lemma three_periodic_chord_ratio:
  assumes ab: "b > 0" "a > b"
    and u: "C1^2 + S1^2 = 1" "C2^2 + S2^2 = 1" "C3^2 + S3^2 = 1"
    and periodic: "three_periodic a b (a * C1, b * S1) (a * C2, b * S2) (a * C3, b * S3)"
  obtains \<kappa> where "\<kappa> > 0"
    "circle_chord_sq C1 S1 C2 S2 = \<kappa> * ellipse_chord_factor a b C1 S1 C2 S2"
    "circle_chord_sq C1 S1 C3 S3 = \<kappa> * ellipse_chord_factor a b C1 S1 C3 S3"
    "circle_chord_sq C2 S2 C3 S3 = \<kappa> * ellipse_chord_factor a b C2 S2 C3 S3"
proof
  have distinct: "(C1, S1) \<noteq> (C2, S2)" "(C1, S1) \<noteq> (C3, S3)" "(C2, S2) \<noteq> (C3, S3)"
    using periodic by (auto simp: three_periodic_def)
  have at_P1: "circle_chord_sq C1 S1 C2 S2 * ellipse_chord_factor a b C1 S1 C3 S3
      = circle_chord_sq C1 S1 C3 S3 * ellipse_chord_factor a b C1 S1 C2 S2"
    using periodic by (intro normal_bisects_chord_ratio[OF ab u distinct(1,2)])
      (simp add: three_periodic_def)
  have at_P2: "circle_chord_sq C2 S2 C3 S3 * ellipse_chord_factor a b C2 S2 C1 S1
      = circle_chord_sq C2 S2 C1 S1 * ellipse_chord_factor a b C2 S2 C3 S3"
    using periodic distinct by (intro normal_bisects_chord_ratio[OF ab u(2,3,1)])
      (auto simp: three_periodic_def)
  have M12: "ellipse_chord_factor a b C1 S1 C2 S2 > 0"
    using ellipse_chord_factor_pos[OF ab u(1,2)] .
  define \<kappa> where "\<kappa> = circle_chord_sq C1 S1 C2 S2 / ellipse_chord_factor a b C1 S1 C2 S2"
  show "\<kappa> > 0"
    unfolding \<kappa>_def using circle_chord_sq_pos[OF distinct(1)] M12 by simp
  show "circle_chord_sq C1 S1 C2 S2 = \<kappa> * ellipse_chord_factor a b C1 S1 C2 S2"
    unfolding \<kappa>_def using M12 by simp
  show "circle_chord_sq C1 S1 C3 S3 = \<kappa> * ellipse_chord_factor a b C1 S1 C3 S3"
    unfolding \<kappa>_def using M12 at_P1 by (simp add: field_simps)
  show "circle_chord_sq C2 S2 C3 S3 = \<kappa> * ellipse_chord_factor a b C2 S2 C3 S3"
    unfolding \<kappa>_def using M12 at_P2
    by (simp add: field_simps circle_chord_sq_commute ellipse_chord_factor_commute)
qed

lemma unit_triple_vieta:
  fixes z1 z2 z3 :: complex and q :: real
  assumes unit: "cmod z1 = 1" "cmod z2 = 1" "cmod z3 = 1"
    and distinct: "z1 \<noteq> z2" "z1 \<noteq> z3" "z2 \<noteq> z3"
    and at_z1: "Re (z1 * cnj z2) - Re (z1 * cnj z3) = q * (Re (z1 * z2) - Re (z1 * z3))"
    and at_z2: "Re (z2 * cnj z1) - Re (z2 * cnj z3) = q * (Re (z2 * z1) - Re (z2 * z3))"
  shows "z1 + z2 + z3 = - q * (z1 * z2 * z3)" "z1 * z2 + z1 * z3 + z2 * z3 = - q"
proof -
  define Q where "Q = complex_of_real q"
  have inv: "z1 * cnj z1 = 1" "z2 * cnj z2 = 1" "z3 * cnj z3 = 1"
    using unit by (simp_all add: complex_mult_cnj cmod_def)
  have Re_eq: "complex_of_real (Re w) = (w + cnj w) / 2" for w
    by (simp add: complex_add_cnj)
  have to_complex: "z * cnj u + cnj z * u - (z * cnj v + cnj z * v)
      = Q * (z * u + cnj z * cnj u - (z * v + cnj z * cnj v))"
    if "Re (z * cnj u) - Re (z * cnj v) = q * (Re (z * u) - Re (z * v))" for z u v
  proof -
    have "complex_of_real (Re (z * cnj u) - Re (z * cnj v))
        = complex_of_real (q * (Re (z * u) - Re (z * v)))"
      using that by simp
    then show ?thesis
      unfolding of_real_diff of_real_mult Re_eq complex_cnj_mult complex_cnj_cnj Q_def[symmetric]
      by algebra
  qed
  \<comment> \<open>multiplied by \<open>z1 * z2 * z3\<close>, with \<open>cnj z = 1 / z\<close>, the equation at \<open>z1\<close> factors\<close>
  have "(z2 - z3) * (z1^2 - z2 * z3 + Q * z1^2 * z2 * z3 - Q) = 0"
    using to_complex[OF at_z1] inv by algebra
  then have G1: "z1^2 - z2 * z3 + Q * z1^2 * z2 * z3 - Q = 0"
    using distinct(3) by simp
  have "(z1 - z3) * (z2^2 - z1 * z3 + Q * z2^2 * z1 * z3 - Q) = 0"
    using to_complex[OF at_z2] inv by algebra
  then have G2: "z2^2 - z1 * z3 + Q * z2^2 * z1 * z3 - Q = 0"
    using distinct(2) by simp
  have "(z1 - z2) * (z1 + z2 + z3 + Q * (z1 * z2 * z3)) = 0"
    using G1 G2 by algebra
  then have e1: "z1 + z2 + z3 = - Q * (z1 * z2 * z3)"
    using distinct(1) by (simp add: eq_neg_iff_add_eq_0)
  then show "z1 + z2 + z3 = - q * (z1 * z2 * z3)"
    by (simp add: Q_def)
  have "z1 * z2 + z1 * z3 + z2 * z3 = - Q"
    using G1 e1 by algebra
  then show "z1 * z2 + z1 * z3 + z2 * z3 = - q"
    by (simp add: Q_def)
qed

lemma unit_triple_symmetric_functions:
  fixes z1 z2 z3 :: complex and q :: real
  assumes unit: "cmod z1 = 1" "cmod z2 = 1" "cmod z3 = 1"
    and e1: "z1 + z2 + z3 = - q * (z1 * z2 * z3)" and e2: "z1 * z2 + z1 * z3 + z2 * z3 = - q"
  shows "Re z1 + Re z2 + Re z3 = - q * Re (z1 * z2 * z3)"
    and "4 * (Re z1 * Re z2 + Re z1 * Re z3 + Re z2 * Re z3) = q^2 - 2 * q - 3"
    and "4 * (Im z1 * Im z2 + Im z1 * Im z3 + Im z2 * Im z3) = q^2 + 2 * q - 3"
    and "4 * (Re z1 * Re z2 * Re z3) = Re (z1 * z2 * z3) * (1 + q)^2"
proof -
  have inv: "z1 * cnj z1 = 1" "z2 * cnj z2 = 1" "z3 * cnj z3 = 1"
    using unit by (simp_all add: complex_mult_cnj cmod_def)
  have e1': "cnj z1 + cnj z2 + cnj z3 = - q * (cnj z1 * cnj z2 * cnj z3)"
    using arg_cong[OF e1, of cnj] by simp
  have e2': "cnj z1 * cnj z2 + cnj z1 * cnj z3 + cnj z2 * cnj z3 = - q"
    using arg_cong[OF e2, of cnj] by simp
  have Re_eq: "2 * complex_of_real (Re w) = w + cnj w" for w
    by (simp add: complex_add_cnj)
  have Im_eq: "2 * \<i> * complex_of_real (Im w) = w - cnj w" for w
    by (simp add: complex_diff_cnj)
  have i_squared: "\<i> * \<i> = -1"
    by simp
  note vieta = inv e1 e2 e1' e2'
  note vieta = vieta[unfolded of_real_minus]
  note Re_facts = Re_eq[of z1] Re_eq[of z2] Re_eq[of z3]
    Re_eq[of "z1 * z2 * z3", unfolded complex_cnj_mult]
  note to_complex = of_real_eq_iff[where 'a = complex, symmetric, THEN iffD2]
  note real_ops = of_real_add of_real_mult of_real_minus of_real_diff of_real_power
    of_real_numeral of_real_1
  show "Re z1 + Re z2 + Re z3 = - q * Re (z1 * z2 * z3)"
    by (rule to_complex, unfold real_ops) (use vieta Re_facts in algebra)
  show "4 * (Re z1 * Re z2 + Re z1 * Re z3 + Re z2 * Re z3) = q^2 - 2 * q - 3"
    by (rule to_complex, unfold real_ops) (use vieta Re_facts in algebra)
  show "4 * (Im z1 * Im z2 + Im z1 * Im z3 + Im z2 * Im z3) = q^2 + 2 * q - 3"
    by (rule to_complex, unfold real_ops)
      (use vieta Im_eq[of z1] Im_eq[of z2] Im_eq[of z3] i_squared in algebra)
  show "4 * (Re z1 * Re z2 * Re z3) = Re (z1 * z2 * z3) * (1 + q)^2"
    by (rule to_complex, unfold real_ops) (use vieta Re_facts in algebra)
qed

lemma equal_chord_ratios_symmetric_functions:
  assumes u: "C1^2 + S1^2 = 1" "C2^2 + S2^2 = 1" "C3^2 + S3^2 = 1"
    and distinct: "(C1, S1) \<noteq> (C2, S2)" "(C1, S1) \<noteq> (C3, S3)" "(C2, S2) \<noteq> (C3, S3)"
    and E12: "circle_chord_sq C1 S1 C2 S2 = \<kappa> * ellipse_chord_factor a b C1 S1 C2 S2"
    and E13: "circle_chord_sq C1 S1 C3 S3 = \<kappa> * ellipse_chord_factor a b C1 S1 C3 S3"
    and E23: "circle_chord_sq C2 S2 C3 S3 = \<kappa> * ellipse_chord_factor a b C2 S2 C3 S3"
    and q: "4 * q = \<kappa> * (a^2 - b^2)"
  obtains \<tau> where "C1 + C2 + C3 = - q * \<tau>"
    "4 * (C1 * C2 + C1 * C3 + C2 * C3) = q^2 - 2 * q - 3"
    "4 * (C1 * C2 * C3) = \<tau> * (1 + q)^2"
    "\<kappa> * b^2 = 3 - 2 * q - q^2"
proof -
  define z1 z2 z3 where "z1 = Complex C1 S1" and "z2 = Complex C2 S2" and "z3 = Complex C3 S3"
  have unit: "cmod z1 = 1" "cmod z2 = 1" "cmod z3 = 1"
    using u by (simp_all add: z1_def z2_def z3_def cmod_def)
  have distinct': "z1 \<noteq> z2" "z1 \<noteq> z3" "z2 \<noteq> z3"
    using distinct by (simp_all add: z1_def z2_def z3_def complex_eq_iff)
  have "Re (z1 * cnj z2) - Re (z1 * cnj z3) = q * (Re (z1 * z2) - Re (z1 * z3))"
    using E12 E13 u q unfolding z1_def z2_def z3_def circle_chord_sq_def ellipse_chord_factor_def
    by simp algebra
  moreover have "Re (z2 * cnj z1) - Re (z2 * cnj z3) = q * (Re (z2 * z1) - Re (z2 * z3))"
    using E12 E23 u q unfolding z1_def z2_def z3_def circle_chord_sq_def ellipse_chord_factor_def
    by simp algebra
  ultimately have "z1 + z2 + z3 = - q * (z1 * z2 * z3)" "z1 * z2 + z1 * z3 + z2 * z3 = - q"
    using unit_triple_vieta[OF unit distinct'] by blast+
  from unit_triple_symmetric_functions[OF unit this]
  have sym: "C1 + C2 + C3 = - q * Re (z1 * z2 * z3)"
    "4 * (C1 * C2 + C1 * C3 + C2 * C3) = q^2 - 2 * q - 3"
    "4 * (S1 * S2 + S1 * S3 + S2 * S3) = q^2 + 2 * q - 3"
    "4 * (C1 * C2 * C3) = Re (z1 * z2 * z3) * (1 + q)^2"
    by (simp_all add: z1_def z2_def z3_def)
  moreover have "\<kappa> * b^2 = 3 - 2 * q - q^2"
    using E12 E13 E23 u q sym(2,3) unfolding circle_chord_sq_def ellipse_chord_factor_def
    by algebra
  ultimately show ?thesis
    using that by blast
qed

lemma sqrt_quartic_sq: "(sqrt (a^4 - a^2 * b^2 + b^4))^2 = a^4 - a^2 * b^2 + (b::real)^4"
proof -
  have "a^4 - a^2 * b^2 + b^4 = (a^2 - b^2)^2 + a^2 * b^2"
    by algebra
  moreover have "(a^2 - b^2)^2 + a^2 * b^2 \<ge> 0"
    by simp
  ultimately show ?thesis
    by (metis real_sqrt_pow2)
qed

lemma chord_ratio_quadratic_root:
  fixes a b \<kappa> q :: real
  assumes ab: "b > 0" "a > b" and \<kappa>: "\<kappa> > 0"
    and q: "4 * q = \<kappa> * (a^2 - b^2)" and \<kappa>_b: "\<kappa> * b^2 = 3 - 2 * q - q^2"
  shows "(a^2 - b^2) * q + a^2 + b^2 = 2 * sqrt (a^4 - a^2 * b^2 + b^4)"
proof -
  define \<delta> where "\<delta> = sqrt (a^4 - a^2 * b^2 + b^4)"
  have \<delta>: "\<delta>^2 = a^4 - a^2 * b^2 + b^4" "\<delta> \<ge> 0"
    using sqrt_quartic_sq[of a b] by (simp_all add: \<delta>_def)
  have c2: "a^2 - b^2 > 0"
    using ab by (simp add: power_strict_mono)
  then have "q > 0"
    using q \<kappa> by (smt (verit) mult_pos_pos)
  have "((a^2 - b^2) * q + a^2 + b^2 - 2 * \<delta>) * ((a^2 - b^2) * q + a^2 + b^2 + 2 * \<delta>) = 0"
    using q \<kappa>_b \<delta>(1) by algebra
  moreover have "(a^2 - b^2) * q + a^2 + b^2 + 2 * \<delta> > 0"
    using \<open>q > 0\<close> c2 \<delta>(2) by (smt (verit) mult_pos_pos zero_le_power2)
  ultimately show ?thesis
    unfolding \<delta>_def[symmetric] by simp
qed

====================

### Exercise prompt
Your answer must be a single number: how many lines of the records contain the word "define".

### Solution
4